Using the data below, count the lines where "False" appears, and answer with the number alone.

[Stored data entries]
◆ ◆ ◆ ◆ ◆ ◆ ◆

lemma descent_step:
  assumes f: "f \<in> F_class G" and "finite I" and "card I < p" and "i0 \<in> I" and "1 \<le> m"
    and H: "H \<lhd> G" and C: "\<And>i. i \<in> I \<Longrightarrow> C i \<lhd> G \<and> C i \<subset> H"
    and bound: "\<And>g. g \<in> H - (\<Union>i\<in>I. C i) \<Longrightarrow> b_fun G p (f H m) g \<le> real n"
    and noncentral: "\<not> f H m \<subseteq> centralizer_set G H"
  shows "0 < n \<and> (\<exists>N C'. N \<lhd> G \<and> N \<subseteq> H \<and> card H \<le> p * card N
            \<and> (\<forall>i\<in>I. C' i \<lhd> G \<and> C' i \<subset> N \<and> C i \<inter> N \<subseteq> C' i)
            \<and> (\<forall>g\<in>N - (\<Union>i\<in>I. C' i). b_fun G p (f N (m + 1)) g \<le> real n - 1))"
proof -
  define D where "D = centralizer_mod G (comm_subgroup G H (f H (m + 1))) H (f H m)"
  have "D \<lhd> G" and "D \<subset> H"
    unfolding D_def using centralizer_mod_F_class[OF f \<open>1 \<le> m\<close> H noncentral] by auto
  from exists_central_index_p[OF this(1) H this(2)]
  obtain WD where "D \<subseteq> WD" and WD: "central_index_p G p WD H" by blast
  obtain W where W: "\<forall>i\<in>I. C i \<subseteq> W i \<and> central_index_p G p (W i) H"
    using exists_central_index_p_family[where C = C, OF H C] by blast
  have "\<forall>i\<in>I. central_index_p G p (W i) H" using W by blast
  from exists_element_avoiding[OF H \<open>finite I\<close> \<open>card I < p\<close> this WD]
  obtain x where x: "x \<in> H" "x \<notin> WD" "\<forall>i\<in>I. x \<notin> W i" by blast
  have L': "f H (m + 1) \<lhd> G" using F_class_normal[OF f H] \<open>1 \<le> m\<close> by simp
  have "x \<notin> D" using x(2) \<open>D \<subseteq> WD\<close> by blast
  then have "b_fun G p (f H (m + 1)) x \<le> b_fun G p (f H m) x - 1"
    unfolding D_def by (rule b_fun_F_class_drop[OF f \<open>1 \<le> m\<close> H H subset_refl x(1)])
  moreover have "0 \<le> b_fun G p (f H (m + 1)) x"
    using b_fun_nonneg[OF normal_imp_subgroup[OF L'] subgroup.mem_carrier[OF normal_imp_subgroup[OF H] x(1)]] .
  moreover have "x \<in> H - (\<Union>i\<in>I. C i)" using x(1,3) W by blast
  then have "b_fun G p (f H m) x \<le> real n" by (rule bound)
  ultimately have "0 < n" by simp
  have W0: "central_index_p G p (W i0) H" and "x \<notin> W i0" using W x(3) \<open>i0 \<in> I\<close> by auto
  then obtain N where N: "N \<lhd> G" "N \<subseteq> H" "x \<in> N" "card H \<le> p * card N" and "N \<inter> WD \<subseteq> W i0"
    using exists_normal_subgroup_through[OF H W0 WD x(1) _ x(2)] by blast
  define C' where "C' i = W i \<inter> N" for i
  have "C' i \<lhd> G \<and> C' i \<subset> N \<and> C i \<inter> N \<subseteq> C' i" if "i \<in> I" for i
  proof -
    have "W i \<lhd> G" "C i \<subseteq> W i" using W that unfolding central_index_p_def by auto
    then show ?thesis
      unfolding C'_def using normal_subgroup_intersect[OF _ N(1)] x(3) that N(3) by blast
  qed
  moreover have "b_fun G p (f N (m + 1)) g \<le> real n - 1" if g: "g \<in> N - (\<Union>i\<in>I. C' i)" for g
  proof -
    have "g \<in> H" and g_W: "\<forall>i\<in>I. g \<notin> W i" using g N(2) unfolding C'_def by auto
    have "g \<notin> D" using g \<open>D \<subseteq> WD\<close> \<open>N \<inter> WD \<subseteq> W i0\<close> \<open>i0 \<in> I\<close> unfolding C'_def by blast
    then have "b_fun G p (f N (m + 1)) g \<le> b_fun G p (f H m) g - 1"
      unfolding D_def by (rule b_fun_F_class_drop[OF f \<open>1 \<le> m\<close> H N(1,2) \<open>g \<in> H\<close>])
    moreover have "g \<in> H - (\<Union>i\<in>I. C i)" using \<open>g \<in> H\<close> g_W W by blast
    then have "b_fun G p (f H m) g \<le> real n" by (rule bound)
    ultimately show ?thesis by simp
  qed
  ultimately show ?thesis using \<open>0 < n\<close> N by blast
qed

lemma exists_normal_subgroup_cl_f_le:
  assumes f: "f \<in> F_class G" and "finite I" and "card I < p" and "i0 \<in> I"
    and "1 \<le> m" and "H \<lhd> G" and "\<And>i. i \<in> I \<Longrightarrow> C i \<lhd> G \<and> C i \<subset> H"
    and "\<And>g. g \<in> H - (\<Union>i\<in>I. C i) \<Longrightarrow> b_fun G p (f H m) g \<le> real n"
  shows "\<exists>N. N \<lhd> G \<and> N \<subseteq> H \<and> card H \<le> p ^ n * card N \<and> cl_f G f N \<le> n + m
           \<and> \<not> N \<subseteq> (\<Union>i\<in>I. C i)"
proof -
  have central: "\<exists>N. N \<lhd> G \<and> N \<subseteq> H \<and> card H \<le> p ^ n * card N \<and> cl_f G f N \<le> n + m
           \<and> \<not> N \<subseteq> (\<Union>i\<in>I. C i)"
    if "1 \<le> m" and H: "H \<lhd> G" and C: "\<And>i. i \<in> I \<Longrightarrow> C i \<lhd> G \<and> C i \<subset> H"
      and "f H m \<subseteq> centralizer_set G H" for n m H C
  proof (intro exI conjI)
    show "H \<lhd> G" "H \<subseteq> H" by (simp_all add: H)
    show "card H \<le> p ^ n * card H" using two_le_p by simp
    show "cl_f G f H \<le> n + m"
      using cl_f_le[where f = f and N = H, OF \<open>1 \<le> m\<close> \<open>f H m \<subseteq> centralizer_set G H\<close>] by simp
    show "\<not> H \<subseteq> (\<Union>i\<in>I. C i)"
      using not_covered_by_family[OF normal_imp_subgroup[OF H] \<open>finite I\<close>] \<open>card I < p\<close> C normal_imp_subgroup
      by (meson less_imp_le)
  qed
  show ?thesis
    using assms(5-)
  proof (induction n arbitrary: m H C)
    case (0 m H C)
    show ?case
    proof (cases "f H m \<subseteq> centralizer_set G H")
      case True
      then show ?thesis using central 0 by blast
    next
      case False
      from descent_step[where C = C and n = 0, OF f \<open>finite I\<close> \<open>card I < p\<close> \<open>i0 \<in> I\<close> 0 False]
      show ?thesis by simp
    qed
  next
    case (Suc n m H C)
    show ?case
    proof (cases "f H m \<subseteq> centralizer_set G H")
      case True
      then show ?thesis using central Suc.prems by blast
    next
      case False
      then obtain N C' where N: "N \<lhd> G" "N \<subseteq> H" "card H \<le> p * card N"
        and C': "\<forall>i\<in>I. C' i \<lhd> G \<and> C' i \<subset> N \<and> C i \<inter> N \<subseteq> C' i"
        and bound: "\<forall>g\<in>N - (\<Union>i\<in>I. C' i). b_fun G p (f N (m + 1)) g \<le> real n"
        using descent_step[where C = C and n = "Suc n", OF f \<open>finite I\<close> \<open>card I < p\<close> \<open>i0 \<in> I\<close>
            Suc.prems False] by auto
      obtain N' where N': "N' \<lhd> G" "N' \<subseteq> N" "card N \<le> p ^ n * card N'"
        and "cl_f G f N' \<le> n + (m + 1)" and "\<not> N' \<subseteq> (\<Union>i\<in>I. C' i)"
        using Suc.IH[of "m + 1" N C'] N(1) C' bound by auto
      have "card H \<le> p * (p ^ n * card N')"
        using N(3) N'(3) by (meson le_trans mult_le_mono2)
      then have "card H \<le> p ^ Suc n * card N'" by (simp add: mult.assoc)
      moreover have "\<not> N' \<subseteq> (\<Union>i\<in>I. C i)"
        using \<open>\<not> N' \<subseteq> (\<Union>i\<in>I. C' i)\<close> N'(2) C' by blast
      moreover have "N' \<subseteq> H" using N'(2) N(2) by blast
      moreover have "cl_f G f N' \<le> Suc n + m" using \<open>cl_f G f N' \<le> n + (m + 1)\<close> by simp
      ultimately show ?thesis using N'(1) by blast
    qed
  qed
qed

end

lemma log_div_le_of_le_power:
  fixes b x y :: real
  assumes "1 < b" and "0 < x" and "0 < y" and "x \<le> b ^ n * y"
  shows "log b (x / y) \<le> n"
proof -
  have "x / y \<le> b ^ n" using assms(3,4) by (simp add: divide_le_eq)
  then have "log b (x / y) \<le> log b (b ^ n)"
    using assms(2,3) by (intro log_mono[OF assms(1)]) simp_all
  also have "\<dots> = n" using assms(1) by (simp add: log_nat_power)
  finally show ?thesis .
qed

theorem theorem1:
  fixes G :: "('a, 'b) monoid_scheme" and p n m :: nat and f :: "'a set \<Rightarrow> nat \<Rightarrow> 'a set"
    and H :: "'a set" and C :: "nat \<Rightarrow> 'a set"
  assumes "Factorial_Ring.prime p" and "p > 2" and "m \<ge> 1"
    and "p_group G p"
    and "f \<in> F_class G"
    and "H \<lhd> G"
    and "\<And>i. i \<in> {1..p-1} \<Longrightarrow> C i \<lhd> G"
    and "\<And>i. i \<in> {1..p-1} \<Longrightarrow> C i \<subset> H"
    and "\<And>g. g \<in> H - (\<Union>i\<in>{1..p-1}. C i) \<Longrightarrow> b_fun G p (f H m) g \<le> real n"
  shows "\<exists>N. N \<lhd> G \<and> N \<subseteq> H
            \<and> log (real p) (real (card H) / real (card N)) \<le> real n
            \<and> cl_f G f N \<le> n + m
            \<and> \<not> N \<subseteq> (\<Union>i\<in>{1..p-1}. C i)"
proof -
  interpret finite_p_group G p
    using assms(1,4) unfolding p_group_def
    by (intro finite_p_group.intro finite_p_group_axioms.intro) (auto simp: order_def)
  have I: "finite {1..p-1}" "card {1..p-1} < p" "1 \<in> {1..p-1}"
    using \<open>p > 2\<close> by auto
  have "C i \<lhd> G \<and> C i \<subset> H" if "i \<in> {1..p-1}" for i
    using assms(7,8) that by blast
  from exists_normal_subgroup_cl_f_le[where C = C, OF assms(5) I assms(3,6) this assms(9)]
  obtain N where N: "N \<lhd> G" "N \<subseteq> H" "cl_f G f N \<le> n + m" "\<not> N \<subseteq> (\<Union>i\<in>{1..p-1}. C i)"
    and "card H \<le> p ^ n * card N"
    by blast
  then have "real (card H) \<le> real (p ^ n * card N)" by (simp only: of_nat_le_iff)
  then have "real (card H) \<le> real p ^ n * real (card N)" by simp
  then have "log (real p) (real (card H) / real (card N)) \<le> real n"
    using card_subgroup_pos normal_imp_subgroup N(1) assms(6) two_le_p
    by (intro log_div_le_of_le_power) auto
  then show ?thesis using N by blast
qed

◆ ◆ ◆ ◆ ◆ ◆ ◆

» **OUTPUT FOR THIS TASK**: 4